157 N.W. 287 | N.D. | 1916
The two school districts involved in this litigation changed their boundaries pursuant to the decision in School Dist. v. Thompson, 27 N. D. 159, 116 N. W. 727. Pursuant to §§ 1327-1331, Comp. Laws 1913, arbitrators were appointed to equalize the property, funds on hand, and debts. Their award, among other things, allowed the plaintiff $239.87. For some reason not apparent to this court, difficulties arose regarding the payment of this amount, and plaintiff commenced this suit, alleging in his complaint the facts already set forth, and, in part, alleging that the award aforesaid provided that school district No. 33 issue its check for $239.87 as its pro rata share of indebtedness belonging to said district No. 91 at the time of the change in boundary line; that the plaintiff has performed all the orders on its part with reference to said award, and thereafter demanded of the said defendant the payment of the said sum. That defendant then, and ever since, has refused to pay the same to the plaintiff, and the same is now due and payable. “Wherefore, plaintiff demands judgment against the said defendant for the sum of $239.87 and interest at the rate of 7 per cent per annum from April 27, 1911, besides the costs of this action.” To this complaint a demurrer was interposed alleging that the complaint did not state facts sufficient to constitute a cause of action, and on its face affirmatively showed that the plaintiff has no cause of action. The demurrer was sustained by the trial court, as he says, upon the grounds that §§ 1327 — 1331, Comp. Laws 1913, made provision for the collection of such award by taxation, and that the remedy in case of a failure to make the levy would be mandamus to compel the officers to do their duty, and not by application for a general judgment and execution. This appeal challenges the correctness of such order. The five sections involved read as follows:
“§ 1327. Equalization of Indebtedness by Arbitration. — After the boundaries of a school district have been established as provided for in this chapter, all school districts or parts of school districts that existed as school corporations, or as parts thereof, before the taking
“§ 1328. Tax to Equalize and Pay Previous Debts. — Such board shall take an account of the assets, funds on hand, the debts properly and justly belonging to or chargeable to each corporation, or part of a corporation affected by such change, and levy such a tax against each as will in its judgment justly and fairly equalize their several interests.
“§ 1329. Maximum Annual Tax Levy for Such Purposes. — When the amounts to be levied upon the several corporations or parts of corporations mentioned in the preceding section, shall be fixed, a list thereof shall be made wherein the amount shall be set down opposite each corporation. The whole shall be stated substantially in the form herein required for certifying school taxes, and addressed to the county auditor, and shall be signed by a majority of such board of arbitration ; such levy shall be deemed legal and valid upon the taxable property of each corporation: Provided, however, That not more than 15 mills thereof shall be extended against such taxable property in any one year, and such levy not exceeding 15 mills on the dollar shall be extended as in this section provided from year to year, until the whole amount shall be so levied. The county auditor shall preserve such levies and shall extend the several rates from year to year, as above required by law for district taxes and the taxes shall be collected at the same time and in the same manner as other taxes axe collected.

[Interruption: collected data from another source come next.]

(* The following are equivalent for an integral domain $D$: (1) for every nonzero nonunit $x$ of $D$, $xD$ is a $\ast$-product of finitely many $\ast$-f-homog ideals of type $1$; (2) $D$ is a GCD domain that is a $\ast$-GKD.
   Context: $\ast$ is a star operation on $D$ of finite character. A $\ast$-ideal is a nonzero fractional ideal $I$ with $I^\ast=I$; of finite type if $I=J^\ast$ for some nonzero finitely generated $J$. A maximal $\ast$-ideal is an integral $\ast$-ideal maximal among proper integral $\ast$-ideals. A $\ast$-homog ideal is a proper integral $\ast$-ideal $I$ of finite type such that $(A+B)^\ast\neq D$ for every pair $A,B$ of proper integral $\ast$-ideals of finite type containing $I$; it lies in a unique maximal $\ast$-ideal $M(I)$. It is of type $1$ if for each $x\in M(I)\setminus\{0\}$ there is $n\ge1$ with $x^nD_{M(I)}\cap D\subseteq I$. A $\ast$-f-homog ideal is a $\ast$-homog ideal $I$ such that every $\ast$-ideal of finite type containing $I$ is principal; it is of type $1$ if it is also a $\ast$-homog ideal of type $1$. $D$ is a $\ast$-IRKT if $D_P$ is a valuation domain for every maximal $\ast$-ideal $P$, $D=\bigcap_P D_P$ over the maximal $\ast$-ideals with the intersection locally finite, and no two distinct maximal $\ast$-ideals contain a common nonzero prime ideal; $D$ is a $\ast$-GKD if it is a $\ast$-IRKT all of whose maximal $\ast$-ideals have height $1$. *)

theory Defs
  imports Main
begin

text \<open>The integral domain D is modelled as a subring of a field 'k
(every integral domain is such a subring of its quotient field).
Fractional ideals live inside the quotient field of D, realised in 'k.\<close>

definition subring :: "'k::field set \<Rightarrow> bool" where
  "subring D \<longleftrightarrow> 0 \<in> D \<and> 1 \<in> D \<and>
     (\<forall>a\<in>D. \<forall>b\<in>D. a + b \<in> D \<and> a - b \<in> D \<and> a * b \<in> D)"

definition qf :: "'k::field set \<Rightarrow> 'k set" where
  "qf D = {a / b | a b. a \<in> D \<and> b \<in> D \<and> b \<noteq> 0}"

definition is_unit_in :: "'k::field set \<Rightarrow> 'k \<Rightarrow> bool" where
  "is_unit_in D x \<longleftrightarrow> x \<in> D \<and> (\<exists>y\<in>D. x * y = 1)"

definition dvd_in :: "'k::field set \<Rightarrow> 'k \<Rightarrow> 'k \<Rightarrow> bool" where
  "dvd_in D a b \<longleftrightarrow> (\<exists>c\<in>D. b = a * c)"

definition gcd_domain :: "'k::field set \<Rightarrow> bool" where
  "gcd_domain D \<longleftrightarrow> subring D \<and>
     (\<forall>a\<in>D. \<forall>b\<in>D. a \<noteq> 0 \<longrightarrow> b \<noteq> 0 \<longrightarrow>
        (\<exists>d\<in>D. dvd_in D d a \<and> dvd_in D d b \<and>
           (\<forall>e\<in>D. dvd_in D e a \<longrightarrow> dvd_in D e b \<longrightarrow> dvd_in D e d)))"

definition submod :: "'k::field set \<Rightarrow> 'k set \<Rightarrow> bool" where
  "submod D I \<longleftrightarrow> 0 \<in> I \<and> (\<forall>a\<in>I. \<forall>b\<in>I. a + b \<in> I) \<and> (\<forall>d\<in>D. \<forall>a\<in>I. d * a \<in> I)"

definition frac_ideal :: "'k::field set \<Rightarrow> 'k set \<Rightarrow> bool" where
  "frac_ideal D I \<longleftrightarrow> submod D I \<and> (\<exists>d\<in>D. d \<noteq> 0 \<and> (\<forall>a\<in>I. d * a \<in> D))"

definition nz_frac :: "'k::field set \<Rightarrow> 'k set \<Rightarrow> bool" where
  "nz_frac D I \<longleftrightarrow> frac_ideal D I \<and> I \<noteq> {0}"

definition gen_submod :: "'k::field set \<Rightarrow> 'k set \<Rightarrow> 'k set" where
  "gen_submod D S = {(\<Sum>i<(n::nat). c i * s i) | n c s. \<forall>i<n. c i \<in> D \<and> s i \<in> S}"

definition fin_gen :: "'k::field set \<Rightarrow> 'k set \<Rightarrow> bool" where
  "fin_gen D J \<longleftrightarrow> (\<exists>S. finite S \<and> J = gen_submod D S)"

definition princ :: "'k::field set \<Rightarrow> 'k \<Rightarrow> 'k set" where
  "princ D x = {x * d | d. d \<in> D}"

definition ideal_sum :: "'k::field set \<Rightarrow> 'k set \<Rightarrow> 'k set" where
  "ideal_sum A B = {a + b | a b. a \<in> A \<and> b \<in> B}"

“§ 1330. Proceeds to be Turned over to the Respective Districts.— Opposite the several descriptions of property on the tax list shall be
“§ 1331. Maximum Tax Levy for All School Purposes. — The taxes levied for purposes of equalization shall be in addition to all other taxes for school purposes: Provided, That all taxes for school purposes, including such taxes for equalization, shall not exceed 30 mills on the dollar in any one year. The provisions of this article shall apply to and govern all school districts and parts of school districts hereafter divided or consolidated with each other or with other districts in the divisions, uniting for apportionment of their debts and liabilities or property and assets.”
A perusal of the said statute convinces us that the trial court is correct. Those sections provide for the tax levy against each district in such sum as will justly and fairly equalize their several interests; for the certification by the arbitrator to the county auditor in the form of a tax levy; for the extension of this levy by the county auditor, and a provision that when the taxes are collected they shall be paid over to the district in whose behalf they are levied. The statute provides complete machinery for the collection of plaintiff’s claim, and we do not believe a court should be asked to ignore this existing remedy and substitute another. The fact that the arbitrators undertook to provide a cash payment in place of the statutory method does not change the situation. Plaintiff’s remedy is to compel by mandamus the statutory steps to be taken leading to a levy and payment according to law. Judgment is affirmed.